The haptic feedback arrangement 1 may further comprise a first driver 12 configured to drive the first actuator 6, a second driver 13 configured to drive the second actuator 8, and optionally a third driver 14 configured to drive the third actuator 10. The drivers may be controlled using synchronized signals, creating various haptic pattern envelopes with adjustable configurations of attacks and decays.

The first actuator 6, the second actuator 8, and optionally the third actuator 10 may be one of a piezoelectric actuator, an ultrasonic actuator, an electrostatic actuator, an electromagnetic actuator, a thermal actuator, and a pneumatic actuator.

At least one of the restricting element 7, the first phase 3 of the propagation medium, and the second phase 4 of the propagation medium may comprise an electroactive material, a photoactive material, a temperature active material, and a magnetoactive material. At least one of the restricting element 7, the first phase 3 of the propagation medium, and the second phase 4 of the propagation medium may comprise a magnetoactive material, the second actuator 8 being a voice coil actuator.

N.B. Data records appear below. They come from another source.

(* Let $M,K\in\mathbb R^{n\times n}$ be symmetric positive definite, $\nu>0$, $\omega\ge0$, and \[ \mathcal M=\begin{bmatrix}M&\sqrt\nu(K-i\omega M)\\\sqrt\nu(K+i\omega M)&-M\end{bmatrix}\in\mathbb C^{2n\times2n}. \] (1) For $\mathcal P=\mathrm{diag}(P,P)$ with any real symmetric positive definite $P\in\mathbb R^{n\times n}$, the spectrum of $\mathcal P^{-1}\mathcal M$ is real and symmetric with respect to zero. (2) For $P=M+\sqrt\nu(K+\omega M)$ and $\mathcal P=\mathrm{diag}(P,P)$, the inf-sup constant $\gamma=\inf_{0\ne x}\sup_{0\ne w}\frac{|\langle\mathcal Mx,w\rangle|}{\|x\|_{\mathcal P}\|w\|_{\mathcal P}}$ and the norm $\|\mathcal B\|=\sup_{0\ne x}\sup_{0\ne w}\frac{|\langle\mathcal Mx,w\rangle|}{\|x\|_{\mathcal P}\|w\|_{\mathcal P}}$ satisfy \[ \gamma\ge\frac1{\sqrt3},\qquad\|\mathcal B\|\le1. \] Consequently every eigenvalue of $\mathcal P^{-1}\mathcal M$ lies in $[-1,-1/\sqrt3]\cup[1/\sqrt3,1]$.
   Context: $\langle z,w\rangle=w^*z$ on $\mathbb C^{2n}$ and $\|x\|_{\mathcal P}=\langle\mathcal Px,x\rangle^{1/2}$; $x,w$ range over $\mathbb C^{2n}$. *)

theory Defs
  imports "Jordan_Normal_Form.Char_Poly" "Jordan_Normal_Form.Gauss_Jordan_Elimination"
begin

definition spd_real :: "nat \<Rightarrow> real mat \<Rightarrow> bool" where
  "spd_real n A \<longleftrightarrow> A \<in> carrier_mat n n \<and> transpose_mat A = A \<and>
     (\<forall>x \<in> carrier_vec n. x \<noteq> 0\<^sub>v n \<longrightarrow> x \<bullet> (A *\<^sub>v x) > 0)"

definition cmat :: "real mat \<Rightarrow> complex mat" where
  "cmat A = map_mat complex_of_real A"

definition calM :: "nat \<Rightarrow> real \<Rightarrow> real \<Rightarrow> real mat \<Rightarrow> real mat \<Rightarrow> complex mat" where
  "calM n \<nu> \<omega> M K = four_block_mat
      (cmat M)
      (complex_of_real (sqrt \<nu>) \<cdot>\<^sub>m (cmat K - (\<i> * complex_of_real \<omega>) \<cdot>\<^sub>m cmat M))
      (complex_of_real (sqrt \<nu>) \<cdot>\<^sub>m (cmat K + (\<i> * complex_of_real \<omega>) \<cdot>\<^sub>m cmat M))
      (- cmat M)"

definition calP :: "nat \<Rightarrow> real mat \<Rightarrow> complex mat" where
  "calP n P = four_block_mat (cmat P) (0\<^sub>m n n) (0\<^sub>m n n) (cmat P)"

definition minv :: "complex mat \<Rightarrow> complex mat" where
  "minv A = the (mat_inverse A)"

definition cinner :: "complex vec \<Rightarrow> complex vec \<Rightarrow> complex" where
  "cinner z w = z \<bullet>c w"

definition pnorm :: "complex mat \<Rightarrow> complex vec \<Rightarrow> real" where
  "pnorm Pm x = sqrt (Re (cinner (Pm *\<^sub>v x) x))"

definition ratio :: "complex mat \<Rightarrow> complex mat \<Rightarrow> complex vec \<Rightarrow> complex vec \<Rightarrow> real" where
  "ratio A Pm x w = cmod (cinner (A *\<^sub>v x) w) / (pnorm Pm x * pnorm Pm w)"

definition nzvecs :: "nat \<Rightarrow> complex vec set" where
  "nzvecs m = {x \<in> carrier_vec m. x \<noteq> 0\<^sub>v m}"

definition infsup_const :: "nat \<Rightarrow> complex mat \<Rightarrow> complex mat \<Rightarrow> real" where
  "infsup_const m A Pm = (INF x \<in> nzvecs m. SUP w \<in> nzvecs m. ratio A Pm x w)"

definition bnorm :: "nat \<Rightarrow> complex mat \<Rightarrow> complex mat \<Rightarrow> real" where
  "bnorm m A Pm = (SUP x \<in> nzvecs m. SUP w \<in> nzvecs m. ratio A Pm x w)"

end

theory Submission
  imports Defs
begin

(* Write \<M> = calM and \<P> = calP = diag(P, P), and split x = (x1, x2), w = (w1, w2).
   Since M, K and P are real symmetric, every block term of <\<M> x, w> and <\<P> x, w> is a value of
   one of the Hermitian forms (y, z) |-> z^* A y of A = M, K, P on the halves of x and w.
   (1) <\<M> x, x> is real and <\<P> x, x> > 0, so every eigenvalue z of \<P>^-1 \<M>, i.e. every z
       with \<M> v = z \<P> v for some v <> 0, is real.  The conjugating swap
       J(v1, v2) = (conj v2, - conj v1) satisfies <\<M> Jv, w> = conj <\<M> v, Jw> and
       <\<P> Jv, w> = - conj <\<P> v, Jw>, so it maps an eigenvector for z to one for -z.
   (2) For P = M + sqrt nu (K + omega M), Cauchy-Schwarz for the forms of M and K gives
       |<\<M> x, w>| <= ||x||_\<P> ||w||_\<P>, and the test vector
       W x = (x1 + (1 - i) x2, (1 + i) x1 - x2) satisfies Re <\<M> x, Wx> = ||x||_\<P>^2 and
       ||Wx||_\<P>^2 = 3 ||x||_\<P>^2; this gives the norm bound 1 and the inf-sup bound 1/sqrt 3.
   For an eigenpair, |<\<M> v, w>| / (||v||_\<P> ||w||_\<P>) <= |z| with equality at w = v, so both
   bounds transfer to the eigenvalues. *)

definition sesq :: "nat \<Rightarrow> complex mat \<Rightarrow> (nat \<Rightarrow> complex) \<Rightarrow> (nat \<Rightarrow> complex) \<Rightarrow> complex" where
  "sesq n A x y = (\<Sum>i<n. \<Sum>j<n. cnj (y i) * A $$ (i,j) * x j)"

lemma sesq_cong:
  assumes "\<And>i. i < n \<Longrightarrow> x i = x' i" "\<And>i. i < n \<Longrightarrow> y i = y' i"
  shows "sesq n A x y = sesq n A x' y'"
  unfolding sesq_def using assms by (intro sum.cong refl) auto

lemma sesq_matrix_lincomb:
  assumes "\<And>i j. i < n \<Longrightarrow> j < n \<Longrightarrow> Q $$ (i,j) = a * A $$ (i,j) + b * B $$ (i,j)"
  shows "sesq n Q x y = a * sesq n A x y + b * sesq n B x y"
  unfolding sesq_def sum_distrib_left sum.distrib[symmetric]
  using assms by (intro sum.cong refl) (auto simp: algebra_simps)

lemma sesq_linear_left:
  "sesq n A (\<lambda>i. a * x i + b * y i) z = a * sesq n A x z + b * sesq n A y z"
  unfolding sesq_def sum_distrib_left sum.distrib[symmetric]
  by (intro sum.cong refl) (auto simp: algebra_simps)

lemma sesq_antilinear_right:
  "sesq n A z (\<lambda>i. a * x i + b * y i) = cnj a * sesq n A z x + cnj b * sesq n A z y"
  unfolding sesq_def sum_distrib_left sum.distrib[symmetric]
  by (intro sum.cong refl) (auto simp: algebra_simps)

lemma sesq_uminus_left: "sesq n A (\<lambda>i. - x i) y = - sesq n A x y"
  using sesq_linear_left[of n A "-1" x 0 x y] by simp

lemma sesq_uminus_right: "sesq n A x (\<lambda>i. - y i) = - sesq n A x y"
  using sesq_antilinear_right[of n A x "-1" y 0 y] by simp

definition sym_real :: "nat \<Rightarrow> real mat \<Rightarrow> bool" where
  "sym_real n A \<longleftrightarrow> A \<in> carrier_mat n n \<and> (\<forall>i<n. \<forall>j<n. A $$ (i,j) = A $$ (j,i))"

lemma spd_real_carrier: "spd_real n A \<Longrightarrow> A \<in> carrier_mat n n"
  unfolding spd_real_def by simp

lemma spd_real_sym: "spd_real n A \<Longrightarrow> sym_real n A"
  unfolding spd_real_def sym_real_def by (metis carrier_matD index_transpose_mat(1))

lemma cmat_carrier [simp]: "A \<in> carrier_mat n n \<Longrightarrow> cmat A \<in> carrier_mat n n"
  unfolding cmat_def by auto

lemma cmat_index:
  "A \<in> carrier_mat n n \<Longrightarrow> i < n \<Longrightarrow> j < n \<Longrightarrow> cmat A $$ (i,j) = complex_of_real (A $$ (i,j))"
  unfolding cmat_def by auto

lemma sesq_hermitian:
  assumes "sym_real n A"
  shows "sesq n (cmat A) x y = cnj (sesq n (cmat A) y x)"
proof -
  have "sesq n (cmat A) y x = (\<Sum>i<n. \<Sum>j<n. cnj (x j) * cmat A $$ (j,i) * y i)"
    unfolding sesq_def by (rule sum.swap)
  then show ?thesis using assms unfolding sesq_def sym_real_def
    by (auto simp: cmat_index intro!: sum.cong)
qed

lemma sesq_diag_real:
  assumes "sym_real n A"
  shows "sesq n (cmat A) x x = complex_of_real (Re (sesq n (cmat A) x x))"
  using sesq_hermitian[OF assms, of x x] by (simp add: complex_eq_iff)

The various aspects and implementations have been described in conjunction with various embodiments herein. However, other variations to the disclosed embodiments can be understood and effected by those skilled in the art in practicing the claimed subject-matter, from a study of the drawings, the disclosure, and the appended claims. In the claims, the word “comprising” does not exclude other elements or steps, and the indefinite article “a” or “an” does not exclude a plurality. The mere fact that certain measures are recited in mutually different dependent claims does not indicate that a combination of these measured cannot be used to advantage. The reference signs used in the claims shall not be construed as limiting the scope. Unless otherwise indicated, the drawings are intended to be read (e.g., cross-hatching, arrangement of parts, proportion, degree, etc.) together with the specification, and are to be considered a portion of the entire written description of this disclosure. As used in the description, the terms “horizontal”, “vertical”, “left”, “right”, “up” and “down”, as well as adjectival and adverbial derivatives thereof (e.g., “horizontally”, “rightwardly”, “upwardly”, etc.), simply refer to the orientation of the illustrated structure as the particular drawing figure faces the reader. Similarly, the terms “inwardly” and “outwardly” generally refer to the orientation of a surface relative to its axis of elongation, or axis of rotation, as appropriate.